(* For all integers $m,n\ge0$ and $p\ge0$, $$\sum_{k=0}^{m}s(m,k)\,\mathcal{B}_{n+k,p}=\sum_{k=0}^{n}S_m(n+m,k+m)\binom{m+k+p}{p}^{-1}.$$
   Context: $s(m,k)$ are the signed Stirling numbers of the first kind, defined by $x(x-1)\cdots(x-m+1)=\sum_{k=0}^m s(m,k)x^k$. $S_r(n,k)$ denotes the $r$-Stirling numbers of the second kind (number of partitions of an $n$-set into $k$ nonempty blocks such that the first $r$ elements lie in distinct blocks); they satisfy $\sum_{n\ge k}S_r(n+r,k+r)\frac{z^n}{n!}=\frac{1}{k!}e^{rz}(e^z-1)^k$. For an integer $p\ge0$, the $p$-Bell numbers $\mathcal{B}_{n,p}$ are defined by $\sum_{n\ge0}\mathcal{B}_{n,p}\frac{z^n}{n!}=\sum_{n\ge0}\binom{n+p}{p}^{-1}\frac{(e^z-1)^n}{n!}$. *)

theory Defs
  imports Complex_Main "HOL-Computational_Algebra.Computational_Algebra" "HOL-Library.Disjoint_Sets"
begin

definition falling_poly :: "nat \<Rightarrow> int poly" where
  "falling_poly m = (\<Prod>i<m. [:- of_nat i, 1:])"

definition sStirling1 :: "nat \<Rightarrow> nat \<Rightarrow> int" where
  "sStirling1 m k = coeff (falling_poly m) k"

definition rStirling2 :: "nat \<Rightarrow> nat \<Rightarrow> nat \<Rightarrow> nat" where
  "rStirling2 r n k = card {P. partition_on {0..<n} P \<and> card P = k \<and>
                               (\<forall>B\<in>P. card (B \<inter> {0..<r}) \<le> 1)}"

definition pBell_egf :: "nat \<Rightarrow> real fps" where
  "pBell_egf p = Abs_fps (\<lambda>j. 1 / (real ((j + p) choose p) * fact j)) oo (fps_exp 1 - 1)"

definition pBell :: "nat \<Rightarrow> nat \<Rightarrow> real" where
  "pBell n p = fact n * (pBell_egf p $ n)"

end

theory Submission
  imports Defs "HOL-Combinatorics.Stirling"
begin

text \<open>
  Since \<open>(e\<^sup>z - 1)\<^sup>j/j!\<close> is the exponential generating function of the Stirling numbers
  \<open>S(N,j)\<close> of the second kind, \<open>\<B>\<^sub>N\<^sub>,\<^sub>p = \<Sum>\<^sub>j S(N,j) c\<^sub>j\<close> with \<open>c\<^sub>j = binom(j+p,p)\<^sup>-\<^sup>1\<close>.
  The theorem is thus a special case of an identity valid for arbitrary weights \<open>c\<^sub>j\<close>,
  which amounts to \<open>\<Sum>\<^sub>k s(m,k) S(n+k,j) = S\<^sub>m(n+m,j)\<close> for \<open>j \<ge> m\<close> and \<open>= 0\<close> for \<open>j < m\<close>.
  This follows by induction on \<open>n\<close>: for \<open>n = 0\<close> it is the orthogonality of the Stirling
  numbers of the two kinds, and for \<open>n > 0\<close> both sides satisfy the recurrence
  \<open>T(n+1,j+1) = (j+1) T(n,j+1) + T(n,j)\<close>. For the \<open>r\<close>-Stirling numbers this recurrence
  comes from adding an element \<open>a\<close> outside the distinguished set: \<open>a\<close> either forms a
  singleton block or is inserted into one of the \<open>j+1\<close> blocks of a partition of the
  other elements.
\<close>

section \<open>Stirling numbers of the second kind and the powers of \<open>e\<^sup>z - 1\<close>\<close>

lemma fps_deriv_exp_minus_one_power:
  "fps_deriv ((fps_exp (1::'a::field_char_0) - 1) ^ Suc j) =
     of_nat (Suc j) * ((fps_exp 1 - 1) ^ Suc j + (fps_exp 1 - 1) ^ j)"
proof -
  have "fps_deriv ((fps_exp (1::'a) - 1) ^ Suc j) = of_nat (Suc j) * fps_exp 1 * (fps_exp 1 - 1) ^ j"
    by (subst fps_deriv_power') simp
  also have "fps_exp (1::'a) = (fps_exp 1 - 1) + 1" by simp
  finally show ?thesis by (simp add: algebra_simps del: fps_exp_nth)
qed

lemma fps_exp_minus_one_power_nth:
  "(fps_exp (1::'a::field_char_0) - 1) ^ j $ N * fact N / fact j = of_nat (Stirling N j)"
proof (induction N arbitrary: j)
  case 0
  then show ?case by (cases j) auto
next
  case (Suc N)
  show ?case
  proof (cases j)
    case 0
    then show ?thesis by simp
  next
    case (Suc k)
    let ?E = "fps_exp (1::'a) - 1"
    have "fps_deriv (?E ^ Suc k) $ N = of_nat (Suc k) * (?E ^ Suc k $ N + ?E ^ k $ N)"
      by (simp only: fps_deriv_exp_minus_one_power fps_of_nat[symmetric]
          fps_mult_left_const_nth fps_add_nth)
    hence deriv: "of_nat (Suc N) * ?E ^ Suc k $ Suc N = of_nat (Suc k) * (?E ^ Suc k $ N + ?E ^ k $ N)"
      by (simp del: fps_exp_nth of_nat_Suc power_Suc add: add.commute)
    have "?E ^ Suc k $ Suc N * fact (Suc N) / fact (Suc k)
       = (of_nat (Suc N) * ?E ^ Suc k $ Suc N) * fact N / fact (Suc k)"
      by (simp add: fact_Suc[of N] del: fps_exp_nth power_Suc of_nat_Suc fact_Suc)
    also have "\<dots> = of_nat (Suc k) * (?E ^ Suc k $ N) * fact N / fact (Suc k)
        + of_nat (Suc k) * (?E ^ k $ N) * fact N / fact (Suc k)"
      unfolding deriv by (simp add: algebra_simps add_divide_distrib
          del: fps_exp_nth power_Suc of_nat_Suc)
    also have "\<dots> = of_nat (Suc k) * of_nat (Stirling N (Suc k)) + of_nat (Stirling N k)"
      using Suc.IH[of "Suc k"] Suc.IH[of k]
      by (simp add: fact_Suc[of k] field_simps del: fps_exp_nth power_Suc of_nat_Suc fact_Suc)
    finally show ?thesis using Suc by (simp add: algebra_simps)
  qed
qed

→ **AIM OF THE TASK**
Print each line of the data exactly. Keep all of it.

→ **WRITTEN ANSWER**
(* For all integers $m,n\ge0$ and $p\ge0$, $$\sum_{k=0}^{m}s(m,k)\,\mathcal{B}_{n+k,p}=\sum_{k=0}^{n}S_m(n+m,k+m)\binom{m+k+p}{p}^{-1}.$$
   Context: $s(m,k)$ are the signed Stirling numbers of the first kind, defined by $x(x-1)\cdots(x-m+1)=\sum_{k=0}^m s(m,k)x^k$. $S_r(n,k)$ denotes the $r$-Stirling numbers of the second kind (number of partitions of an $n$-set into $k$ nonempty blocks such that the first $r$ elements lie in distinct blocks); they satisfy $\sum_{n\ge k}S_r(n+r,k+r)\frac{z^n}{n!}=\frac{1}{k!}e^{rz}(e^z-1)^k$. For an integer $p\ge0$, the $p$-Bell numbers $\mathcal{B}_{n,p}$ are defined by $\sum_{n\ge0}\mathcal{B}_{n,p}\frac{z^n}{n!}=\sum_{n\ge0}\binom{n+p}{p}^{-1}\frac{(e^z-1)^n}{n!}$. *)

theory Defs
  imports Complex_Main "HOL-Computational_Algebra.Computational_Algebra" "HOL-Library.Disjoint_Sets"
begin

definition falling_poly :: "nat \<Rightarrow> int poly" where
  "falling_poly m = (\<Prod>i<m. [:- of_nat i, 1:])"

definition sStirling1 :: "nat \<Rightarrow> nat \<Rightarrow> int" where
  "sStirling1 m k = coeff (falling_poly m) k"

definition rStirling2 :: "nat \<Rightarrow> nat \<Rightarrow> nat \<Rightarrow> nat" where
  "rStirling2 r n k = card {P. partition_on {0..<n} P \<and> card P = k \<and>
                               (\<forall>B\<in>P. card (B \<inter> {0..<r}) \<le> 1)}"

definition pBell_egf :: "nat \<Rightarrow> real fps" where
  "pBell_egf p = Abs_fps (\<lambda>j. 1 / (real ((j + p) choose p) * fact j)) oo (fps_exp 1 - 1)"

definition pBell :: "nat \<Rightarrow> nat \<Rightarrow> real" where
  "pBell n p = fact n * (pBell_egf p $ n)"

end

theory Submission
  imports Defs "HOL-Combinatorics.Stirling"
begin

text \<open>
  Since \<open>(e\<^sup>z - 1)\<^sup>j/j!\<close> is the exponential generating function of the Stirling numbers
  \<open>S(N,j)\<close> of the second kind, \<open>\<B>\<^sub>N\<^sub>,\<^sub>p = \<Sum>\<^sub>j S(N,j) c\<^sub>j\<close> with \<open>c\<^sub>j = binom(j+p,p)\<^sup>-\<^sup>1\<close>.
  The theorem is thus a special case of an identity valid for arbitrary weights \<open>c\<^sub>j\<close>,
  which amounts to \<open>\<Sum>\<^sub>k s(m,k) S(n+k,j) = S\<^sub>m(n+m,j)\<close> for \<open>j \<ge> m\<close> and \<open>= 0\<close> for \<open>j < m\<close>.
  This follows by induction on \<open>n\<close>: for \<open>n = 0\<close> it is the orthogonality of the Stirling
  numbers of the two kinds, and for \<open>n > 0\<close> both sides satisfy the recurrence
  \<open>T(n+1,j+1) = (j+1) T(n,j+1) + T(n,j)\<close>. For the \<open>r\<close>-Stirling numbers this recurrence
  comes from adding an element \<open>a\<close> outside the distinguished set: \<open>a\<close> either forms a
  singleton block or is inserted into one of the \<open>j+1\<close> blocks of a partition of the
  other elements.
\<close>

section \<open>Stirling numbers of the second kind and the powers of \<open>e\<^sup>z - 1\<close>\<close>

lemma fps_deriv_exp_minus_one_power:
  "fps_deriv ((fps_exp (1::'a::field_char_0) - 1) ^ Suc j) =
     of_nat (Suc j) * ((fps_exp 1 - 1) ^ Suc j + (fps_exp 1 - 1) ^ j)"
proof -
  have "fps_deriv ((fps_exp (1::'a) - 1) ^ Suc j) = of_nat (Suc j) * fps_exp 1 * (fps_exp 1 - 1) ^ j"
    by (subst fps_deriv_power') simp
  also have "fps_exp (1::'a) = (fps_exp 1 - 1) + 1" by simp
  finally show ?thesis by (simp add: algebra_simps del: fps_exp_nth)
qed

lemma fps_exp_minus_one_power_nth:
  "(fps_exp (1::'a::field_char_0) - 1) ^ j $ N * fact N / fact j = of_nat (Stirling N j)"
proof (induction N arbitrary: j)
  case 0
  then show ?case by (cases j) auto
next
  case (Suc N)
  show ?case
  proof (cases j)
    case 0
    then show ?thesis by simp
  next
    case (Suc k)
    let ?E = "fps_exp (1::'a) - 1"
    have "fps_deriv (?E ^ Suc k) $ N = of_nat (Suc k) * (?E ^ Suc k $ N + ?E ^ k $ N)"
      by (simp only: fps_deriv_exp_minus_one_power fps_of_nat[symmetric]
          fps_mult_left_const_nth fps_add_nth)
    hence deriv: "of_nat (Suc N) * ?E ^ Suc k $ Suc N = of_nat (Suc k) * (?E ^ Suc k $ N + ?E ^ k $ N)"
      by (simp del: fps_exp_nth of_nat_Suc power_Suc add: add.commute)
    have "?E ^ Suc k $ Suc N * fact (Suc N) / fact (Suc k)
       = (of_nat (Suc N) * ?E ^ Suc k $ Suc N) * fact N / fact (Suc k)"
      by (simp add: fact_Suc[of N] del: fps_exp_nth power_Suc of_nat_Suc fact_Suc)
    also have "\<dots> = of_nat (Suc k) * (?E ^ Suc k $ N) * fact N / fact (Suc k)
        + of_nat (Suc k) * (?E ^ k $ N) * fact N / fact (Suc k)"
      unfolding deriv by (simp add: algebra_simps add_divide_distrib
          del: fps_exp_nth power_Suc of_nat_Suc)
    also have "\<dots> = of_nat (Suc k) * of_nat (Stirling N (Suc k)) + of_nat (Stirling N k)"
      using Suc.IH[of "Suc k"] Suc.IH[of k]
      by (simp add: fact_Suc[of k] field_simps del: fps_exp_nth power_Suc of_nat_Suc fact_Suc)
    finally show ?thesis using Suc by (simp add: algebra_simps)
  qed
qed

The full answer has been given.